Halelulja, old-school-displays, here I come!!

/ Frits 

You only need to connect the I2C bus wire pins (SDA and SCL) of your microcontroller to each of the PFC8574 chips corresponding SDA and SCL pins and then you need some pull-up resistors on both the wires (I used 82k resistors for my LEGO compatible sensor).

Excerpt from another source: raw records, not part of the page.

definition uv_deriv :: "nat \<Rightarrow> nat \<Rightarrow> nat \<Rightarrow> 'a::comm_ring_1 mpoly \<Rightarrow> 'a mpoly" where
  "uv_deriv n a b q = foldr mderiv (replicate a (n+1) @ replicate b (n+2)) q"

lemma mderiv_uv_deriv:
  "mderiv (n+1) (uv_deriv n a b q) = uv_deriv n (Suc a) b q"
  "mderiv (n+2) (uv_deriv n a b q) = uv_deriv n a (Suc b) q"
  by (simp_all del: foldr_replicate
      add: uv_deriv_def foldr_mderiv_commute[symmetric] replicate_append_same[symmetric])

lemma keys_uv_deriv:
  fixes q :: "'a::field_char_0 mpoly"
  shows "m \<in> Poly_Mapping.keys (uv_deriv n a b q) \<longleftrightarrow> m + uv_monom n a b \<in> Poly_Mapping.keys q"
  unfolding uv_deriv_def keys_foldr_mderiv by (simp add: uv_monom_def)

lemma keys_mderiv_uv_deriv:
  fixes q :: "'a::field_char_0 mpoly"
  shows "m \<in> Poly_Mapping.keys (mderiv j (uv_deriv n a b q)) \<longleftrightarrow>
    var_monom j + (m + uv_monom n a b) \<in> Poly_Mapping.keys q"
  using keys_foldr_mderiv[of m "j # replicate a (n+1) @ replicate b (n+2)" q]
  by (simp add: uv_deriv_def uv_monom_def ac_simps)

lemma foldr_mderiv_normal_form:
  assumes "set js \<subseteq> {0..n+2}"
  shows "\<exists>xs a b. length xs + a + b = length js \<and> set xs \<subseteq> {..n} \<and>
    foldr mderiv js q = foldr mderiv xs (uv_deriv n a b q)"
  using assms
proof (induction js)
  case Nil
  show ?case
    by (rule exI[of _ "[]"]) (simp add: uv_deriv_def)
next
  case (Cons k js)
  then obtain xs a b where IH: "length xs + a + b = length js" "set xs \<subseteq> {..n}"
      "foldr mderiv js q = foldr mderiv xs (uv_deriv n a b q)"
    by auto
  consider "k \<le> n" | "k = n+1" | "k = n+2"
    using Cons.prems by force
  then show ?case
  proof cases
    case 1
    with IH show ?thesis
      by (intro exI[of _ "k # xs"]) auto
  next
    case 2
    from IH(3) have "foldr mderiv (k # js) q = foldr mderiv xs (uv_deriv n (Suc a) b q)"
      unfolding 2 by (simp only: foldr_Cons o_apply foldr_mderiv_commute[symmetric] mderiv_uv_deriv)
    with IH(1,2) show ?thesis
      by force
  next
    case 3
    from IH(3) have "foldr mderiv (k # js) q = foldr mderiv xs (uv_deriv n a (Suc b) q)"
      unfolding 3 by (simp only: foldr_Cons o_apply foldr_mderiv_commute[symmetric] mderiv_uv_deriv)
    with IH(1,2) show ?thesis
      by force
  qed
qed

section \<open>The upper bound\<close>

lemma keys_perazzo_poly:
  assumes "m \<in> Poly_Mapping.keys (perazzo_poly n p g)"
  obtains (linear) j m' where "j \<le> n" "m' \<in> Poly_Mapping.keys (p j)" "m = var_monom j + m'"
    | (free) "m \<in> Poly_Mapping.keys g"
proof -
  have "m \<in> Poly_Mapping.keys (\<Sum>j\<le>n. mvar j * p j) \<union> Poly_Mapping.keys g"
    using assms keys_add[of "\<Sum>j\<le>n. mvar j * p j" g] unfolding perazzo_poly_def by blast
  then consider "m \<in> Poly_Mapping.keys g" | j where "j \<le> n" "m \<in> Poly_Mapping.keys (mvar j * p j)"
    using keys_sum[of "\<lambda>j. mvar j * p j" "{..n}"] by blast
  then show ?thesis
  proof cases
    case (2 j)
    then show ?thesis
      using keys_mult[of "mvar j" "p j"] that(1) by (auto simp: mvar_def)
  qed (rule that(2))
qed

lemma perazzo_two_x_derivs_vanish:
  fixes p :: "nat \<Rightarrow> 'a::field_char_0 mpoly"
  assumes forms: "\<forall>j\<le>n. is_form_in {n+1, n+2} e (p j)" "is_form_in {n+1, n+2} e' g"
    and j: "j1 \<le> n" "j2 \<le> n"
  shows "foldr mderiv (j1 # j2 # js) (perazzo_poly n p g) = 0"
proof (rule ccontr)
  assume "foldr mderiv (j1 # j2 # js) (perazzo_poly n p g) \<noteq> 0"
  then obtain m where m: "m \<in> Poly_Mapping.keys (foldr mderiv (j1 # j2 # js) (perazzo_poly n p g))"
    by (metis keys_eq_empty ex_in_conv)
  let ?M = "var_monom j1 + var_monom j2 + (m + monom_of_list js)"
  have "?M \<in> Poly_Mapping.keys (perazzo_poly n p g)"
    using m unfolding keys_foldr_mderiv by (simp add: ac_simps)
  moreover have low: "1 \<le> Poly_Mapping.lookup ?M j1" "1 \<le> Poly_Mapping.lookup ?M j2"
    "j1 = j2 \<Longrightarrow> 2 \<le> Poly_Mapping.lookup ?M j1"
    by (auto simp: lookup_add)
  ultimately show False
  proof (cases rule: keys_perazzo_poly)
    case (linear j m')
    have "Poly_Mapping.keys m' \<subseteq> {n+1, n+2}"
      using forms(1) linear(1,2) by (auto simp: is_form_in_def)
    then have "Poly_Mapping.lookup ?M k = (if k = j then 1 else 0)" if "k \<le> n" for k
      using that linear(3) by (simp add: lookup_add lookup_single lookup_eq_0_if_keys_uv)
    from this[OF j(1)] this[OF j(2)] low show False
      by (cases "j1 = j2") (auto split: if_splits)
  next
    case free
    then have "Poly_Mapping.keys ?M \<subseteq> {n+1, n+2}"
      using forms(2) by (auto simp: is_form_in_def)
    from lookup_eq_0_if_keys_uv[OF this j(1)] low(1) show False
      by simp
  qed
qed

lemma keys_mixed_partial_perazzo:
  fixes p :: "nat \<Rightarrow> 'a::field_char_0 mpoly"
  assumes forms: "\<forall>j\<le>n. is_form_in {n+1, n+2} (d-1) (p j)" "is_form_in {n+1, n+2} d g"
    and j: "j \<le> n"
    and m: "m \<in> Poly_Mapping.keys (mderiv j (uv_deriv n a b (perazzo_poly n p g)))"
  shows "Poly_Mapping.keys m \<subseteq> {n+1, n+2} \<and> mdeg m + a + b = d - 1"
proof -
  have "var_monom j + (m + uv_monom n a b) \<in> Poly_Mapping.keys (perazzo_poly n p g)"
    using m unfolding keys_mderiv_uv_deriv .
  then show ?thesis
  proof (cases rule: keys_perazzo_poly)
    case (linear j' m')
    have m': "Poly_Mapping.keys m' \<subseteq> {n+1, n+2}" "mdeg m' = d - 1"
      using forms(1) linear(1,2) by (auto simp: is_form_in_def)
    have "j' = j"
      using arg_cong[OF linear(3), of "\<lambda>m. Poly_Mapping.lookup m j"] lookup_eq_0_if_keys_uv[OF m'(1) j]
      by (auto simp: lookup_add lookup_single when_def split: if_splits)
    then have m'_eq: "m' = m + uv_monom n a b"
      using linear(3) by simp
    then have "Poly_Mapping.keys m \<subseteq> Poly_Mapping.keys m'"
      by (auto simp: in_keys_iff lookup_add)
    with m' m'_eq show ?thesis
      by (auto simp: mdeg_add)
  next
    case free
    then have "Poly_Mapping.keys (var_monom j + (m + uv_monom n a b)) \<subseteq> {n+1, n+2}"
      using forms(2) by (auto simp: is_form_in_def)
    from lookup_eq_0_if_keys_uv[OF this j] show ?thesis
      by (simp add: lookup_add)
  qed
qed

lemma foldr_mderiv_in_partials:
  "set js \<subseteq> {0..n+2} \<Longrightarrow> foldr mderiv js f \<in> partials n (length js) f"
  by (auto simp: partials_def)

definition uv_partials :: "nat \<Rightarrow> nat \<Rightarrow> 'a::comm_ring_1 mpoly \<Rightarrow> 'a mpoly set" where
  "uv_partials n i f = (\<lambda>a. uv_deriv n a (i - a) f) ` {..i}"

definition mixed_partials :: "nat \<Rightarrow> nat \<Rightarrow> 'a::comm_ring_1 mpoly \<Rightarrow> 'a mpoly set" where
  "mixed_partials n i f = (\<lambda>(j, a). mderiv j (uv_deriv n a (i - 1 - a) f)) ` ({..n} \<times> {..<i})"

definition uv_monomials :: "nat \<Rightarrow> nat \<Rightarrow> 'a::comm_ring_1 mpoly set" where
  "uv_monomials n e = (\<lambda>c. Poly_Mapping.single (uv_monom n c (e - c)) 1) ` {..e}"

lemma uv_partials_subset_partials: "uv_partials n i f \<subseteq> partials n i f"
proof
  fix q
  assume "q \<in> uv_partials n i f"
  then obtain a where "a \<le> i" "q = foldr mderiv (replicate a (n+1) @ replicate (i - a) (n+2)) f"
    by (auto simp: uv_partials_def uv_deriv_def simp del: foldr_replicate)
  then show "q \<in> partials n i f"
    using foldr_mderiv_in_partials[of "replicate a (n+1) @ replicate (i - a) (n+2)" n f]
    by (simp del: foldr_replicate add: set_replicate_conv_if)
qed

This means you can control eight LED segments (plus any other I2C hardware not using the same fixed address prefix as the PCF8574) with just two pins on the microcontroller. By combining the segment drivers JKA mentioned with the PCF8574 chips, you can control as much as 32 LED segments so a scrolling effect would be in its place :-).

- Jimmy

You could do that... Or you could get yourself a handfull of 4511 chips. It's a display driver that can convert a 4-bit number to the signals a 7-segment display needs. It has build-in latches to keep digit on the display, even if you turn off or change the input. What you do is:

 Connect the 4-bit input of 4 4511s to bit 0-3. Bit 4-7 is connected to the EL inputs of the 4 chips, one for each input. You then do:

Set the first digit on pin 0-3, set bit 4 low and 5-7 high to turn EL low on the first chip and high on the other three.  This will make the first display show the digit. Then you turn bit 4 high. This will store the digit in the latches of the 4511. Then you select the next digit on bit 0-3, bit 5 low and 4,6,7 high. Then turn bit 5 high to store the second digit on the second display etc. Did this make sense? The bottom line is, that by using some external drivers, you can connect 4 displays to an 8-bit output, instead of just 1. Read about the 4511 here: http://www.doctronics.co.uk/pdf_files/4511.pdf

That's good to know. I just bought a few of those 4511's to let me drive digital displays, but I didn't realize that I don't even have to send signals to each one all the time. So you need a total of 4 pins + number of displays. That's an improvement, but it still seems like a lot. Still, I guess to get the pin usage even lower, you'd need to have something smarter in between, like that I2C chip.